Sun Wei, Li Lexin
Department of Biostatistics, University of North Carolina, Chapel Hill, North Carolina 27599, USA.
Biometrics. 2012 Mar;68(1):12-22. doi: 10.1111/j.1541-0420.2011.01650.x. Epub 2011 Aug 12.
Despite recent flourish of proposals on variable selection, genome-wide multiple loci mapping remains to be challenging. The majority of existing variable selection methods impose a model, and often the homoscedastic linear model, prior to selection. However, the true association between the phenotypical trait and the genetic markers is rarely known a priori, and the presence of epistatic interactions makes the association more complex than a linear relation. Model-free variable selection offers a useful alternative in this context, but the fact that the number of markers p often far exceeds the number of experimental units n renders all the existing model-free solutions that require n > p inapplicable. In this article, we examine a number of model-free variable selection methods for small-n-large-p regressions in the context of genome-wide multiple loci mapping. We propose and advocate a multivariate group-wise adaptive penalization solution, which requires no model prespecification and thus works for complex trait-marker association, and handles one variable at a time so that works for n < p. Effectiveness of the new method is demonstrated through both intensive simulations and a comprehensive real data analysis across 6100 gene expression traits.

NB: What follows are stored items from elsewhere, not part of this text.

text \<open>Two families of paths have p-modulus zero: the paths having a subpath in the exceptional
  family of the upper gradient inequality (every function admissible for that family is
  admissible for them), and the paths along which \<rho> has infinite integral (c \<rho> is admissible
  for every c > 0 and has energy c^p times that of \<rho>). Every other path is reparametrized by
  \<mu>-arc length, which is possible since \<mu> is non-atomic, so \<nu>_\<gamma> is continuous. The increment of
  f along the reparametrized path over an interval (u, v] is then bounded by the integral of \<rho>
  over the image of (u, v], a set of \<mu>-measure v - u, and non-overlapping intervals have
  disjoint images. Absolute continuity thus follows from absolute continuity of the finite
  integral of \<rho> over the image of the path.\<close>

section \<open>Modulus of path families\<close>

definition admissible :: "'a::topological_space measure \<Rightarrow> 'a path_t set \<Rightarrow> ('a \<Rightarrow> ennreal) \<Rightarrow> bool" where
  "admissible \<mu> \<Gamma> g \<longleftrightarrow> g \<in> borel_measurable borel \<and> (\<forall>P\<in>\<Gamma>. 1 \<le> line_int \<mu> g P)"

lemma Mod_p_le_admissible:
  "admissible \<mu> \<Gamma> g \<Longrightarrow> Mod_p \<mu> m p \<Gamma> \<le> (\<integral>\<^sup>+ x. epow (g x) p \<partial>m)"
  unfolding Mod_p_def admissible_def by (intro INF_lower) auto

lemma Mod_p_eq_0D:
  assumes "Mod_p \<mu> m p \<Gamma> = 0" "0 < e"
  obtains g where "admissible \<mu> \<Gamma> g" "(\<integral>\<^sup>+ x. epow (g x) p \<partial>m) < e"
proof -
  have "Mod_p \<mu> m p \<Gamma> < e" using assms by simp
  then show ?thesis using that unfolding Mod_p_def INF_less_iff admissible_def by auto
qed

lemma Mod_p_eq_0I:
  assumes "\<And>e::real. 0 < e \<Longrightarrow> Mod_p \<mu> m p \<Gamma> \<le> ennreal e"
  shows "Mod_p \<mu> m p \<Gamma> = 0"
proof -
  have "Mod_p \<mu> m p \<Gamma> \<le> 0"
    by (rule ennreal_le_epsilon) (simp add: assms)
  then show ?thesis by simp
qed

lemma Mod_p_mono_admissible:
  assumes "\<And>g. admissible \<mu> \<Gamma> g \<Longrightarrow> admissible \<mu> \<Gamma>' g"
  shows "Mod_p \<mu> m p \<Gamma>' \<le> Mod_p \<mu> m p \<Gamma>"
  unfolding Mod_p_def by (rule INF_superset_mono) (use assms in \<open>auto simp: admissible_def\<close>)

lemma Mod_p_mono: "\<Gamma> \<subseteq> \<Gamma>' \<Longrightarrow> Mod_p \<mu> m p \<Gamma> \<le> Mod_p \<mu> m p \<Gamma>'"
  by (rule Mod_p_mono_admissible) (auto simp: admissible_def)

lemma line_int_mono: "(\<And>x. g x \<le> g' x) \<Longrightarrow> line_int \<mu> g P \<le> line_int \<mu> g' P"
  unfolding line_int_def by (intro nn_integral_mono) (simp add: mult_right_mono)

lemma epow_max_le_add: "epow (max x y) p \<le> epow x p + epow y p"
  by (simp add: max_def add_increasing add_increasing2)

lemma borel_measurable_epow:
  assumes "g \<in> borel_measurable borel" "sets m = sets borel"
  shows "(\<lambda>x. epow (g x) p) \<in> borel_measurable m"
proof -
  have "g \<in> borel_measurable m" using assms measurable_cong_sets by blast
  then show ?thesis unfolding epow_def by measurable
qed

lemma Mod_p_Un_eq_0:
  assumes "sets m = sets borel" "Mod_p \<mu> m p A = 0" "Mod_p \<mu> m p B = 0"
  shows "Mod_p \<mu> m p (A \<union> B) = 0"
proof (rule Mod_p_eq_0I)
  fix e :: real assume "0 < e"
  then have e2: "0 < ennreal (e/2)" by simp
  obtain gA where gA: "admissible \<mu> A gA" "(\<integral>\<^sup>+ x. epow (gA x) p \<partial>m) < ennreal (e/2)"
    using Mod_p_eq_0D[OF assms(2) e2] .
  obtain gB where gB: "admissible \<mu> B gB" "(\<integral>\<^sup>+ x. epow (gB x) p \<partial>m) < ennreal (e/2)"
    using Mod_p_eq_0D[OF assms(3) e2] .
  have meas: "gA \<in> borel_measurable borel" "gB \<in> borel_measurable borel"
    using gA(1) gB(1) by (auto simp: admissible_def)
  have "1 \<le> line_int \<mu> (\<lambda>x. max (gA x) (gB x)) P" if "P \<in> A \<union> B" for P
  proof -
    have "1 \<le> max (line_int \<mu> gA P) (line_int \<mu> gB P)"
      using that gA(1) gB(1) by (auto simp: admissible_def le_max_iff_disj)
    also have "\<dots> \<le> line_int \<mu> (\<lambda>x. max (gA x) (gB x)) P"
      by (intro max.boundedI line_int_mono) auto
    finally show ?thesis .
  qed
  then have "admissible \<mu> (A \<union> B) (\<lambda>x. max (gA x) (gB x))"
    using meas by (auto simp: admissible_def)
  then have "Mod_p \<mu> m p (A \<union> B) \<le> (\<integral>\<^sup>+ x. epow (max (gA x) (gB x)) p \<partial>m)"
    by (rule Mod_p_le_admissible)
  also have "\<dots> \<le> (\<integral>\<^sup>+ x. epow (gA x) p + epow (gB x) p \<partial>m)"
    by (intro nn_integral_mono epow_max_le_add)
  also have "\<dots> = (\<integral>\<^sup>+ x. epow (gA x) p \<partial>m) + (\<integral>\<^sup>+ x. epow (gB x) p \<partial>m)"
    using meas by (intro nn_integral_add borel_measurable_epow assms(1))
  also have "\<dots> \<le> ennreal (e/2) + ennreal (e/2)" using gA(2) gB(2) by (intro add_mono) auto
  also have "\<dots> = ennreal e" using \<open>0 < e\<close> by (simp flip: ennreal_plus)
  finally show "Mod_p \<mu> m p (A \<union> B) \<le> ennreal e" .
qed

lemma path_im_in_sets_borel:
  assumes "P \<in> Gamma_mu \<mu>" shows "path_im P \<in> sets borel"
proof -
  obtain a b g where P: "P = (a, b, g)" by (cases P) auto
  then have "compact (g ` {a..b})"
    using assms by (intro compact_continuous_image) (simp_all add: Gamma_mu_def)
  then show ?thesis unfolding P path_im_def by (simp add: compact_imp_closed)
qed

lemma Mod_p_line_int_eq_top_le:
  assumes "sets \<mu> = sets borel" "sets m = sets borel"
    and \<rho>: "\<rho> \<in> borel_measurable borel" "\<And>x. 0 \<le> \<rho> x" and "0 < c"
  shows "Mod_p \<mu> m p {P \<in> Gamma_mu \<mu>. line_int \<mu> (\<lambda>x. ennreal (\<rho> x)) P = \<infinity>}
    \<le> ennreal (c powr p) * (\<integral>\<^sup>+ x. ennreal (\<rho> x powr p) \<partial>m)"
    (is "Mod_p \<mu> m p ?\<Gamma> \<le> _")
proof -
  have "1 \<le> line_int \<mu> (\<lambda>x. ennreal (c * \<rho> x)) P" if "P \<in> ?\<Gamma>" for P
  proof -
    have [measurable]: "path_im P \<in> sets \<mu>"
      using path_im_in_sets_borel[of P \<mu>] that assms(1) by simp
    have [measurable]: "\<rho> \<in> borel_measurable \<mu>"
      using \<rho>(1) assms(1) measurable_cong_sets by blast
    have "line_int \<mu> (\<lambda>x. ennreal (c * \<rho> x)) P = ennreal c * line_int \<mu> (\<lambda>x. ennreal (\<rho> x)) P"
      unfolding line_int_def using \<open>0 < c\<close> \<rho>(2)
      by (subst nn_integral_cmult[symmetric]) (auto simp: ennreal_mult mult.assoc intro!: nn_integral_cong)
    then show ?thesis using that \<open>0 < c\<close> by (simp add: ennreal_mult_top)
  qed
  then have "admissible \<mu> ?\<Gamma> (\<lambda>x. ennreal (c * \<rho> x))"
    unfolding admissible_def using \<rho>(1) by auto
  then have "Mod_p \<mu> m p ?\<Gamma> \<le> (\<integral>\<^sup>+ x. epow (ennreal (c * \<rho> x)) p \<partial>m)"
    by (rule Mod_p_le_admissible)
  also have "\<dots> = (\<integral>\<^sup>+ x. ennreal (c powr p) * ennreal (\<rho> x powr p) \<partial>m)"
  proof (intro nn_integral_cong)
    fix x
    have "epow (ennreal (c * \<rho> x)) p = ennreal ((c * \<rho> x) powr p)"
      using \<open>0 < c\<close> \<rho>(2)[of x] by (simp add: epow_def del: ennreal_mult)
    then show "epow (ennreal (c * \<rho> x)) p = ennreal (c powr p) * ennreal (\<rho> x powr p)"
      using \<open>0 < c\<close> \<rho>(2)[of x] by (simp add: powr_mult ennreal_mult)
  qed
  also have "\<dots> = ennreal (c powr p) * (\<integral>\<^sup>+ x. ennreal (\<rho> x powr p) \<partial>m)"
  proof (intro nn_integral_cmult)
    have [measurable]: "\<rho> \<in> borel_measurable m"
      using \<rho>(1) assms(2) measurable_cong_sets by blast
    show "(\<lambda>x. ennreal (\<rho> x powr p)) \<in> borel_measurable m" by measurable
  qed
  finally show ?thesis .
qed

lemma Mod_p_line_int_eq_top:
  assumes "0 < p" "sets \<mu> = sets borel" "sets m = sets borel"
    and \<rho>: "\<rho> \<in> borel_measurable borel" "\<And>x. 0 \<le> \<rho> x"
    and "(\<integral>\<^sup>+ x. ennreal (\<rho> x powr p) \<partial>m) < \<infinity>"
  shows "Mod_p \<mu> m p {P \<in> Gamma_mu \<mu>. line_int \<mu> (\<lambda>x. ennreal (\<rho> x)) P = \<infinity>} = 0"
proof (rule Mod_p_eq_0I)
  fix e :: real assume "0 < e"
  obtain C where C: "0 \<le> C" "(\<integral>\<^sup>+ x. ennreal (\<rho> x powr p) \<partial>m) = ennreal C"
    using assms(6) by (cases "\<integral>\<^sup>+ x. ennreal (\<rho> x powr p) \<partial>m") auto
  define c where "c = (e / (C + 1)) powr (1 / p)"
  have "0 < c" unfolding c_def using \<open>0 < e\<close> C(1) by simp
  have "c powr p * (C + 1) = e"
    unfolding c_def using \<open>0 < e\<close> C(1) assms(1) by (simp add: powr_powr)
  then have "c powr p * C + c powr p = e" by (simp add: distrib_left)
  then have "c powr p * C \<le> e"
    using powr_ge_zero[of c p] by linarith
  then show "Mod_p \<mu> m p {P \<in> Gamma_mu \<mu>. line_int \<mu> (\<lambda>x. ennreal (\<rho> x)) P = \<infinity>} \<le> ennreal e"
    using Mod_p_line_int_eq_top_le[OF assms(2-5) \<open>0 < c\<close>, of p] C
    by (simp add: ennreal_mult[symmetric] ennreal_leI order_trans)
qed

lemma Mod_p_paths_with_subpath_in_le:
  "Mod_p \<mu> m p {(a, b, g). \<exists>c d. a \<le> c \<and> c < d \<and> d \<le> b \<and> (c, d, g) \<in> \<Gamma>} \<le> Mod_p \<mu> m p \<Gamma>"
proof (rule Mod_p_mono_admissible)
  fix h assume h: "admissible \<mu> \<Gamma> h"
  have "1 \<le> line_int \<mu> h (a, b, g)"
    if "a \<le> c" "c < d" "d \<le> b" "(c, d, g) \<in> \<Gamma>" for a b c d g
  proof -
    have "1 \<le> line_int \<mu> h (c, d, g)" using h that(4) by (simp add: admissible_def)
    also have "\<dots> \<le> line_int \<mu> h (a, b, g)"
      unfolding line_int_def path_im_def using that(1,3)
      by (intro nn_integral_mono) (auto split: split_indicator)
    finally show ?thesis .
  qed
  then show "admissible \<mu> {(a, b, g). \<exists>c d. a \<le> c \<and> c < d \<and> d \<le> b \<and> (c, d, g) \<in> \<Gamma>} h"
    using h unfolding admissible_def by blast
qed

lemma subpath_in_Gamma_mu:
  assumes "(a, b, g) \<in> Gamma_mu \<mu>" "a \<le> c" "c < d" "d \<le> b"
  shows "(c, d, g) \<in> Gamma_mu \<mu>"
proof -
  have "{c..d} \<subseteq> {a..b}" using assms by auto
  then show ?thesis using assms unfolding Gamma_mu_def
    by (auto intro: continuous_on_subset inj_on_subset)
qed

尽管最近关于变量选择的提议大量涌现,但全基因组多基因座定位仍然具有挑战性。大多数现有的变量选择方法在选择之前会强加一个模型,而且通常是同方差线性模型。然而,表型性状与遗传标记之间的真实关联很少能先验得知,并且上位性相互作用的存在使得这种关联比线性关系更为复杂。在这种情况下,无模型变量选择提供了一种有用的替代方法,但标记数量(p)往往远远超过实验单元数量(n)这一事实使得所有现有的要求(n > p)的无模型解决方案都不适用。在本文中,我们在全基因组多基因座定位的背景下研究了一些用于小(n)大(p)回归的无模型变量选择方法。我们提出并倡导一种多变量分组自适应惩罚解决方案,该方案不需要预先设定模型,因此适用于复杂的性状 - 标记关联,并且一次处理一个变量,从而适用于(n < p)的情况。通过大量模拟和对6100个基因表达性状的全面真实数据分析,证明了新方法的有效性。